++++ DATA FOR ANALYSIS ++++
(* Let $\kappa$ be any cardinal. The functors $N:\mathbf{MKF}_\kappa\to\mathbf{NFR}_\kappa$ and $H:\mathbf{NFR}_\kappa\to\mathbf{MKF}_\kappa$ form an equivalence of categories: for every $\kappa$-downward directed multi-relational Kripke frame $M=\langle W,S\rangle$, the identity map on $W$ is an isomorphism of multi-relational Kripke frames $M\to H(N(M))$, and for every $\kappa$-complete neighborhood frame $Z=\langle C,\nu\rangle$, the identity map on $C$ is an isomorphism of neighborhood frames $Z\to N(H(Z))$ (these identities being natural).
   Context: For a binary relation $R$ on $W$ and $x\in W$, $R[x]=\{y\in W\mid xRy\}$. A multi-relational Kripke frame is a pair $\langle W,S\rangle$ where $W$ is a non-empty set and $S$ is a non-empty set of binary relations on $W$. For a cardinal $\kappa$, it is $\kappa$-downward directed if for every $S'\subseteq S$ with $|S'|<\kappa$ there is $R\in S$ with $R\subseteq\bigcap S'$ (with $\bigcap\emptyset=W\times W$). A homomorphism of multi-relational Kripke frames $f:\langle W_1,S_1\rangle\to\langle W_2,S_2\rangle$ is a map $f:W_1\to W_2$ such that: (i) for every $x\in W_1$ and $R_2\in S_2$ there is $R_1\in S_1$ such that for all $y\in W_1$, $xR_1y$ implies $f(x)R_2f(y)$; (ii) for every $x\in W_1$ and $R_1\in S_1$ there is $R_2\in S_2$ such that for all $u\in W_2$, if $f(x)R_2u$ then there exists $y\in W_1$ with $xR_1y$ and $f(y)=u$. An isomorphism is a bijective homomorphism. $\mathbf{MKF}_\kappa$ is the category of $\kappa$-downward directed multi-relational Kripke frames with these homomorphisms. A neighborhood frame is a pair $\langle C,\nu\rangle$ with $C$ non-empty and $\nu:C\to\mathcal P(\mathcal P(C))$. It is $\kappa$-complete if $C\in\nu(c)$ for all $c$, $\nu(c)$ is upward closed under $\subseteq$ for all $c$, and $\bigcap S'\in\nu(c)$ for every $c\in C$ and every non-empty $S'\subseteq\nu(c)$ with $|S'|<\kappa$. A homomorphism of neighborhood frames $f:\langle C_1,\nu_1\rangle\to\langle C_2,\nu_2\rangle$ is a map $f:C_1\to C_2$ such that for all $c\in C_1$, $X\subseteq C_2$: $f^{-1}[X]\in\nu_1(c)\iff X\in\nu_2(f(c))$. $\mathbf{NFR}_\kappa$ is the category of $\kappa$-complete neighborhood frames with these homomorphisms. $N(\langle W,S\rangle)=\langle W,\nu_M\rangle$ with $\nu_M(x)=\{Y\subseteq W\mid R[x]\subseteq Y\text{ for some }R\in S\}$, and $N(f)=f$. $H(\langle C,\nu\rangle)=\langle C,\{R_v\mid v\in V_Z\}\rangle$ where $V_Z$ is the set of maps $v:C\to\mathcal P(C)$ with $v(x)\in\nu(x)$ for all $x$ and $R_v=\{(x,y)\mid y\in v(x)\}$; $H(f)=f$. *)

theory Defs
  imports Main
begin

(* Cardinals are represented by cardinal orders  k :: 'k rel  with  Card_order k;
   "|S'| < kappa" is  (card_of S', k) \<in> ordLess. *)

type_synonym 'a mkf = "'a set \<times> ('a \<times> 'a) set set"
type_synonym 'a nfr = "'a set \<times> ('a \<Rightarrow> 'a set set)"

definition Rimg :: "('a \<times> 'a) set \<Rightarrow> 'a \<Rightarrow> 'a set" where
  "Rimg R x = {y. (x, y) \<in> R}"

definition mkf :: "'a mkf \<Rightarrow> bool" where
  "mkf M \<longleftrightarrow> fst M \<noteq> {} \<and> snd M \<noteq> {} \<and> (\<forall>R\<in>snd M. R \<subseteq> fst M \<times> fst M)"

definition downward_directed :: "'k rel \<Rightarrow> 'a mkf \<Rightarrow> bool" where
  "downward_directed k M \<longleftrightarrow>
     (\<forall>S'. S' \<subseteq> snd M \<and> (card_of S', k) \<in> ordLess \<longrightarrow>
        (\<exists>R\<in>snd M. R \<subseteq> (fst M \<times> fst M) \<inter> \<Inter>S'))"

definition MKF :: "'k rel \<Rightarrow> 'a mkf \<Rightarrow> bool" where
  "MKF k M \<longleftrightarrow> mkf M \<and> downward_directed k M"

definition mkf_hom :: "('a \<Rightarrow> 'b) \<Rightarrow> 'a mkf \<Rightarrow> 'b mkf \<Rightarrow> bool" where
  "mkf_hom f M1 M2 \<longleftrightarrow>
     (\<forall>x\<in>fst M1. f x \<in> fst M2) \<and>
     (\<forall>x\<in>fst M1. \<forall>R2\<in>snd M2. \<exists>R1\<in>snd M1. \<forall>y\<in>fst M1.
         (x, y) \<in> R1 \<longrightarrow> (f x, f y) \<in> R2) \<and>
     (\<forall>x\<in>fst M1. \<forall>R1\<in>snd M1. \<exists>R2\<in>snd M2. \<forall>u\<in>fst M2.
         (f x, u) \<in> R2 \<longrightarrow> (\<exists>y\<in>fst M1. (x, y) \<in> R1 \<and> f y = u))"

definition mkf_iso :: "('a \<Rightarrow> 'b) \<Rightarrow> 'a mkf \<Rightarrow> 'b mkf \<Rightarrow> bool" where
  "mkf_iso f M1 M2 \<longleftrightarrow> mkf_hom f M1 M2 \<and> bij_betw f (fst M1) (fst M2)"

definition nfr :: "'a nfr \<Rightarrow> bool" where
  "nfr Z \<longleftrightarrow> fst Z \<noteq> {} \<and> (\<forall>c\<in>fst Z. snd Z c \<subseteq> Pow (fst Z))"

definition complete :: "'k rel \<Rightarrow> 'a nfr \<Rightarrow> bool" where
  "complete k Z \<longleftrightarrow>
     (\<forall>c\<in>fst Z. fst Z \<in> snd Z c) \<and>
     (\<forall>c\<in>fst Z. \<forall>X Y. X \<in> snd Z c \<and> X \<subseteq> Y \<and> Y \<subseteq> fst Z \<longrightarrow> Y \<in> snd Z c) \<and>
     (\<forall>c\<in>fst Z. \<forall>S'. S' \<noteq> {} \<and> S' \<subseteq> snd Z c \<and> (card_of S', k) \<in> ordLess
         \<longrightarrow> \<Inter>S' \<in> snd Z c)"

definition NFR :: "'k rel \<Rightarrow> 'a nfr \<Rightarrow> bool" where
  "NFR k Z \<longleftrightarrow> nfr Z \<and> complete k Z"

definition nfr_hom :: "('a \<Rightarrow> 'b) \<Rightarrow> 'a nfr \<Rightarrow> 'b nfr \<Rightarrow> bool" where
  "nfr_hom f Z1 Z2 \<longleftrightarrow>
     (\<forall>c\<in>fst Z1. f c \<in> fst Z2) \<and>
     (\<forall>c\<in>fst Z1. \<forall>X. X \<subseteq> fst Z2 \<longrightarrow>
        ({c'\<in>fst Z1. f c' \<in> X} \<in> snd Z1 c \<longleftrightarrow> X \<in> snd Z2 (f c)))"

definition nfr_iso :: "('a \<Rightarrow> 'b) \<Rightarrow> 'a nfr \<Rightarrow> 'b nfr \<Rightarrow> bool" where
  "nfr_iso f Z1 Z2 \<longleftrightarrow> nfr_hom f Z1 Z2 \<and> bij_betw f (fst Z1) (fst Z2)"

(* The functor N on objects (on morphisms N f = f). *)
definition N_obj :: "'a mkf \<Rightarrow> 'a nfr" where
  "N_obj M = (fst M, \<lambda>x. {Y. Y \<subseteq> fst M \<and> (\<exists>R\<in>snd M. Rimg R x \<subseteq> Y)})"

(* V_Z: choice maps v : C \<rightarrow> P(C) with v x \<in> \<nu> x; represented extensionally
   (v x = {} outside C) so that each map on C has a unique representative. *)
definition V_Z :: "'a nfr \<Rightarrow> ('a \<Rightarrow> 'a set) set" where
  "V_Z Z = {v. (\<forall>x\<in>fst Z. v x \<in> snd Z x) \<and> (\<forall>x. x \<notin> fst Z \<longrightarrow> v x = {})}"

definition R_v :: "'a nfr \<Rightarrow> ('a \<Rightarrow> 'a set) \<Rightarrow> ('a \<times> 'a) set" where
  "R_v Z v = {(x, y). x \<in> fst Z \<and> y \<in> v x}"

(* The functor H on objects (on morphisms H f = f). *)
definition H_obj :: "'a nfr \<Rightarrow> 'a mkf" where
  "H_obj Z = (fst Z, R_v Z ` V_Z Z)"

end

theory Submission
  imports Defs
begin

text \<open>A multi-relational frame is seen through the successor sets \<open>R[x]\<close> of its relations: \<open>N\<close>
  keeps only the filters they generate, and \<open>H\<close> realises an arbitrary monotone neighbourhood
  function as the family of all relations obtained by choosing one neighbourhood at every point.
  Choosing the neighbourhood freely at a single point shows that \<open>N (H Z)\<close> recovers \<open>\<nu>\<close>, and the
  identity \<open>M \<rightarrow> H (N M)\<close> is an isomorphism because two frames on the same carrier are isomorphic
  via the identity as soon as their successor sets generate the same filters. Downward
  directedness and \<open>\<kappa>\<close>-completeness correspond to each other by intersecting chosen relations or
  neighbourhoods pointwise.\<close>

definition monotone_nfr :: "'a nfr \<Rightarrow> bool" where
  "monotone_nfr Z \<longleftrightarrow>
     (\<forall>c\<in>fst Z. fst Z \<in> snd Z c) \<and>
     (\<forall>c\<in>fst Z. \<forall>X Y. X \<in> snd Z c \<and> X \<subseteq> Y \<and> Y \<subseteq> fst Z \<longrightarrow> Y \<in> snd Z c)"

lemma complete_iff_monotone_nfr_meet_closed:
  "complete k Z \<longleftrightarrow> monotone_nfr Z \<and>
     (\<forall>c\<in>fst Z. \<forall>S'. S' \<noteq> {} \<and> S' \<subseteq> snd Z c \<and> (card_of S', k) \<in> ordLess
         \<longrightarrow> \<Inter>S' \<in> snd Z c)"
  unfolding complete_def monotone_nfr_def by blast

lemma complete_imp_monotone_nfr: "complete k Z \<Longrightarrow> monotone_nfr Z"
  by (simp add: complete_iff_monotone_nfr_meet_closed)

lemma monotone_nfrD:
  assumes "monotone_nfr Z" "c \<in> fst Z"
  shows monotone_nfr_top: "fst Z \<in> snd Z c"
    and monotone_nfr_upward: "X \<in> snd Z c \<Longrightarrow> X \<subseteq> Y \<Longrightarrow> Y \<subseteq> fst Z \<Longrightarrow> Y \<in> snd Z c"
  using assms by (auto simp: monotone_nfr_def)

lemma nfr_neighbourhood_subset: "nfr Z \<Longrightarrow> c \<in> fst Z \<Longrightarrow> X \<in> snd Z c \<Longrightarrow> X \<subseteq> fst Z"
  by (auto simp: nfr_def)

lemma Rimg_mono: "R \<subseteq> R' \<Longrightarrow> Rimg R x \<subseteq> Rimg R' x"
  by (auto simp: Rimg_def)

lemma mkf_Rimg_subset: "mkf M \<Longrightarrow> R \<in> snd M \<Longrightarrow> Rimg R x \<subseteq> fst M"
  by (auto simp: mkf_def Rimg_def)

lemma fst_N_obj [simp]: "fst (N_obj M) = fst M"
  by (simp add: N_obj_def)

lemma mem_snd_N_obj:
  "Y \<in> snd (N_obj M) x \<longleftrightarrow> Y \<subseteq> fst M \<and> (\<exists>R\<in>snd M. Rimg R x \<subseteq> Y)"
  by (simp add: N_obj_def)

lemma fst_H_obj [simp]: "fst (H_obj Z) = fst Z"
  by (simp add: H_obj_def)

lemma snd_H_obj [simp]: "snd (H_obj Z) = R_v Z ` V_Z Z"
  by (simp add: H_obj_def)

lemma V_Z_choice:
  assumes "\<And>x. x \<in> fst Z \<Longrightarrow> g x \<in> snd Z x"
  shows "(\<lambda>x. if x \<in> fst Z then g x else {}) \<in> V_Z Z"
  using assms by (simp add: V_Z_def)

lemma V_Z_mem: "v \<in> V_Z Z \<Longrightarrow> x \<in> fst Z \<Longrightarrow> v x \<in> snd Z x"
  by (simp add: V_Z_def)

lemma Rimg_R_v: "x \<in> fst Z \<Longrightarrow> Rimg (R_v Z v) x = v x"
  by (auto simp: Rimg_def R_v_def)

lemma R_v_subset_carrier: "nfr Z \<Longrightarrow> v \<in> V_Z Z \<Longrightarrow> R_v Z v \<subseteq> fst Z \<times> fst Z"
  by (auto simp: R_v_def V_Z_def nfr_def)

lemma mem_R_v: "(x, y) \<in> R_v Z v \<longleftrightarrow> x \<in> fst Z \<and> y \<in> v x"
  by (simp add: R_v_def)

lemma nfr_N_obj: "mkf M \<Longrightarrow> nfr (N_obj M)"
  by (auto simp: nfr_def mkf_def mem_snd_N_obj)

lemma monotone_nfr_N_obj:
  assumes "mkf M"
  shows "monotone_nfr (N_obj M)"
proof -
  obtain R where "R \<in> snd M" using assms by (auto simp: mkf_def)
  then show ?thesis
    using mkf_Rimg_subset[OF assms] unfolding monotone_nfr_def mem_snd_N_obj fst_N_obj
    by (blast intro: subset_trans)
qed
lemma radial_fun_Un:
  fixes Q1 Q2 :: "'a::euclidean_space set"
  assumes "compact Q1" "compact Q2" "0 \<in> Q1" "0 \<in> Q2" "u \<noteq> 0"
  shows "radial_fun (Q1 \<union> Q2) u = max (radial_fun Q1 u) (radial_fun Q2 u)"
proof -
  have Q: "compact (Q1 \<union> Q2)" "0 \<in> Q1 \<union> Q2"
    using assms by auto
  have "radial_fun (Q1 \<union> Q2) u \<le> radial_fun Q1 u \<or> radial_fun (Q1 \<union> Q2) u \<le> radial_fun Q2 u"
    using radial_fun_scaleR_mem[OF Q assms(5)] radial_fun_nonneg[OF Q assms(5)]
      radial_fun_upper[OF assms(1,3,5)] radial_fun_upper[OF assms(2,4,5)] by blast
  moreover have "radial_fun Q1 u \<le> radial_fun (Q1 \<union> Q2) u" "radial_fun Q2 u \<le> radial_fun (Q1 \<union> Q2) u"
    using radial_fun_scaleR_mem[OF assms(1,3,5)] radial_fun_nonneg[OF assms(1,3,5)]
      radial_fun_scaleR_mem[OF assms(2,4,5)] radial_fun_nonneg[OF assms(2,4,5)]
    by (auto intro: radial_fun_upper[OF Q assms(5)])
  ultimately show ?thesis
    by linarith
qed

lemma radial_fun_Int:
  fixes Q1 Q2 :: "'a::euclidean_space set"
  assumes "compact Q1" "compact Q2" "0 \<in> Q1" "0 \<in> Q2" "u \<noteq> 0"
    and "\<forall>x\<in>Q1. \<forall>s::real. 0 \<le> s \<and> s \<le> 1 \<longrightarrow> s *\<^sub>R x \<in> Q1"
    and "\<forall>x\<in>Q2. \<forall>s::real. 0 \<le> s \<and> s \<le> 1 \<longrightarrow> s *\<^sub>R x \<in> Q2"
  shows "radial_fun (Q1 \<inter> Q2) u = min (radial_fun Q1 u) (radial_fun Q2 u)"
proof -
  let ?m = "min (radial_fun Q1 u) (radial_fun Q2 u)"
  have Q: "compact (Q1 \<inter> Q2)" "0 \<in> Q1 \<inter> Q2"
    using assms by auto
  have "0 \<le> ?m"
    using radial_fun_nonneg[OF assms(1,3,5)] radial_fun_nonneg[OF assms(2,4,5)] by simp
  then have "?m *\<^sub>R u \<in> Q1 \<inter> Q2"
    using radial_fun_le_imp_mem[OF assms(1,3,5,6)] radial_fun_le_imp_mem[OF assms(2,4,5,7)] by simp
  then have "?m \<le> radial_fun (Q1 \<inter> Q2) u"
    using \<open>0 \<le> ?m\<close> by (rule radial_fun_upper[OF Q assms(5), rotated])
  moreover have "radial_fun (Q1 \<inter> Q2) u \<le> ?m"
    using radial_fun_scaleR_mem[OF Q assms(5)] radial_fun_nonneg[OF Q assms(5)]
      radial_fun_upper[OF assms(1,3,5)] radial_fun_upper[OF assms(2,4,5)] by simp
  ultimately show ?thesis
    by linarith
qed

lemma star_body_o_radial_fun_Un:
  "star_body_o Q1 \<Longrightarrow> star_body_o Q2 \<Longrightarrow> u \<noteq> 0 \<Longrightarrow>
    radial_fun (Q1 \<union> Q2) u = max (radial_fun Q1 u) (radial_fun Q2 u)"
  unfolding star_body_o_def by (intro radial_fun_Un) auto

lemma star_body_o_radial_fun_Int:
  "star_body_o Q1 \<Longrightarrow> star_body_o Q2 \<Longrightarrow> u \<noteq> 0 \<Longrightarrow>
    radial_fun (Q1 \<inter> Q2) u = min (radial_fun Q1 u) (radial_fun Q2 u)"
  unfolding star_body_o_def by (intro radial_fun_Int) auto

lemma star_body_o_Un:
  fixes Q1 Q2 :: "'a::euclidean_space set"
  assumes "star_body_o Q1" "star_body_o Q2"
  shows "star_body_o (Q1 \<union> Q2)"
proof -
  have max_eq: "radial_fun (Q1 \<union> Q2) u = max (radial_fun Q1 u) (radial_fun Q2 u)"
    if "u \<in> sphere 0 1" for u
    using that by (intro star_body_o_radial_fun_Un[OF assms]) auto
  have "continuous_on (sphere 0 1) (\<lambda>u. max (radial_fun Q1 u) (radial_fun Q2 u))"
    using assms unfolding star_body_o_def by (intro continuous_on_max) auto
  then have "continuous_on (sphere 0 1) (radial_fun (Q1 \<union> Q2))"
    by (rule continuous_on_eq) (simp add: max_eq)
  with assms max_eq show ?thesis
    unfolding star_body_o_def by (auto simp: less_max_iff_disj)
qed

lemma convex_body_o_zero_mem: "convex_body_o M \<Longrightarrow> 0 \<in> M"
  unfolding convex_body_o_def using interior_subset by blast

lemma radial_fun_convex_body_o_pos:
  fixes M :: "'a::euclidean_space set"
  assumes M: "convex_body_o M" and u: "u \<noteq> 0"
  shows "0 < radial_fun M u"
proof -
  have "0 \<in> interior M"
    using M by (simp add: convex_body_o_def)
  then obtain e where e: "e > 0" "ball 0 e \<subseteq> M"
    using mem_interior by blast
  have "(e / 2 / norm u) *\<^sub>R u \<in> M"
    using e u by (intro subsetD[OF e(2)]) auto
  then have "e / 2 / norm u \<le> radial_fun M u"
    using M e u convex_body_o_zero_mem[OF M]
    by (intro radial_fun_upper) (auto simp: convex_body_o_def)
  then show ?thesis
    using e u by (meson divide_pos_pos half_gt_zero order_less_le_trans zero_less_norm_iff)
qed

lemma radial_point_not_interior:
  fixes M :: "'a::euclidean_space set"
  assumes M: "convex_body_o M" and u: "u \<noteq> 0"
  shows "radial_fun M u *\<^sub>R u \<notin> interior M"
proof
  assume "radial_fun M u *\<^sub>R u \<in> interior M"
  then obtain d where d: "d > 0" "ball (radial_fun M u *\<^sub>R u) d \<subseteq> M"
    using mem_interior by blast
  have "(radial_fun M u + d / 2 / norm u) *\<^sub>R u \<in> M"
    using d u by (intro subsetD[OF d(2)]) (auto simp: dist_norm algebra_simps)
  then have "radial_fun M u + d / 2 / norm u \<le> radial_fun M u"
    using M u d radial_fun_convex_body_o_pos[OF M u] convex_body_o_zero_mem[OF M]
    by (intro radial_fun_upper) (auto simp: convex_body_o_def)
  then show False
    using d u by (auto simp: divide_le_0_iff)
qed

lemma scaleR_mem_interior_below_radial_fun:
  fixes M :: "'a::euclidean_space set"
  assumes M: "convex_body_o M" and u: "u \<noteq> 0" and t: "0 < t" "t < radial_fun M u"
  shows "t *\<^sub>R u \<in> interior M"
proof -
  have M': "compact M" "convex M" "0 \<in> interior M" "closure M = M"
    using M by (auto simp: convex_body_o_def compact_imp_closed)
  have "radial_fun M u *\<^sub>R u \<in> closure M"
    using M' convex_body_o_zero_mem[OF M] u by (simp add: radial_fun_scaleR_mem)
  then have "radial_fun M u *\<^sub>R u - (1 - t / radial_fun M u) *\<^sub>R (radial_fun M u *\<^sub>R u - 0)
      \<in> interior M"
    using t by (intro mem_interior_closure_convex_shrink[OF M'(2,3)]) auto
  then show ?thesis
    using t by (simp add: algebra_simps)
qed

lemma convex_body_o_frontier_iff:
  fixes M :: "'a::euclidean_space set"
  assumes M: "convex_body_o M" and u: "u \<noteq> 0"
  shows "0 < k \<and> k *\<^sub>R u \<in> frontier M \<longleftrightarrow> radial_fun M u = k"
proof -
  have "compact M" "0 \<in> M" "closure M = M"
    using M convex_body_o_zero_mem[OF M] by (auto simp: convex_body_o_def compact_imp_closed)
  note upper = radial_fun_upper[OF this(1,2) u] and mem = radial_fun_scaleR_mem[OF this(1,2) u]
  show ?thesis
  proof
    assume k: "0 < k \<and> k *\<^sub>R u \<in> frontier M"
    then have "k *\<^sub>R u \<in> M" "k *\<^sub>R u \<notin> interior M"
      using \<open>closure M = M\<close> by (auto simp: frontier_def)
    then show "radial_fun M u = k"
      using upper[of k] scaleR_mem_interior_below_radial_fun[OF M u, of k] k by force
  next
    assume "radial_fun M u = k"
    then show "0 < k \<and> k *\<^sub>R u \<in> frontier M"
      using radial_fun_convex_body_o_pos[OF M u] mem radial_point_not_interior[OF M u] \<open>closure M = M\<close>
      by (auto simp: frontier_def)
  qed
qed

lemma continuous_on_radial_point:
  fixes M :: "'a::euclidean_space set"
  assumes "convex_body_o M"
  shows "continuous_on (UNIV - {0}) (\<lambda>x. radial_fun M x *\<^sub>R x)"
proof (rule continuous_on_compact_surface_projection[where S = "frontier M"])
  show "compact (frontier M)"
    using assms by (simp add: convex_body_o_def compact_frontier)
  show "frontier M \<subseteq> UNIV - {0}"
    using assms by (auto simp: convex_body_o_def frontier_def)
  show "cone (UNIV::'a set)"
    by (simp add: cone_def)
qed (use convex_body_o_frontier_iff[OF assms] in blast)

lemma continuous_on_radial_fun:
  fixes M :: "'a::euclidean_space set"
  assumes "convex_body_o M"
  shows "continuous_on (sphere 0 1) (radial_fun M)"
proof -
  have "continuous_on (sphere 0 1) (\<lambda>x. norm (radial_fun M x *\<^sub>R x))"
    by (intro continuous_on_norm continuous_on_subset[OF continuous_on_radial_point[OF assms]]) auto
  moreover have "norm (radial_fun M x *\<^sub>R x) = radial_fun M x" if "x \<in> sphere 0 1" for x
  proof -
    have "x \<noteq> 0"
      using that by auto
    then show ?thesis
      using that radial_fun_convex_body_o_pos[OF assms \<open>x \<noteq> 0\<close>] by simp
  qed
  ultimately show ?thesis
    by (rule continuous_on_eq)
qed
++++
TASK BRIEF:
Whenever the string "each" shows up in a line above, copy that line.

ANSWER TO THE EXERCISE:
   (v x = {} outside C) so that each map on C has a unique representative. *)
  directedness and \<open>\<kappa>\<close>-completeness correspond to each other by intersecting chosen relations or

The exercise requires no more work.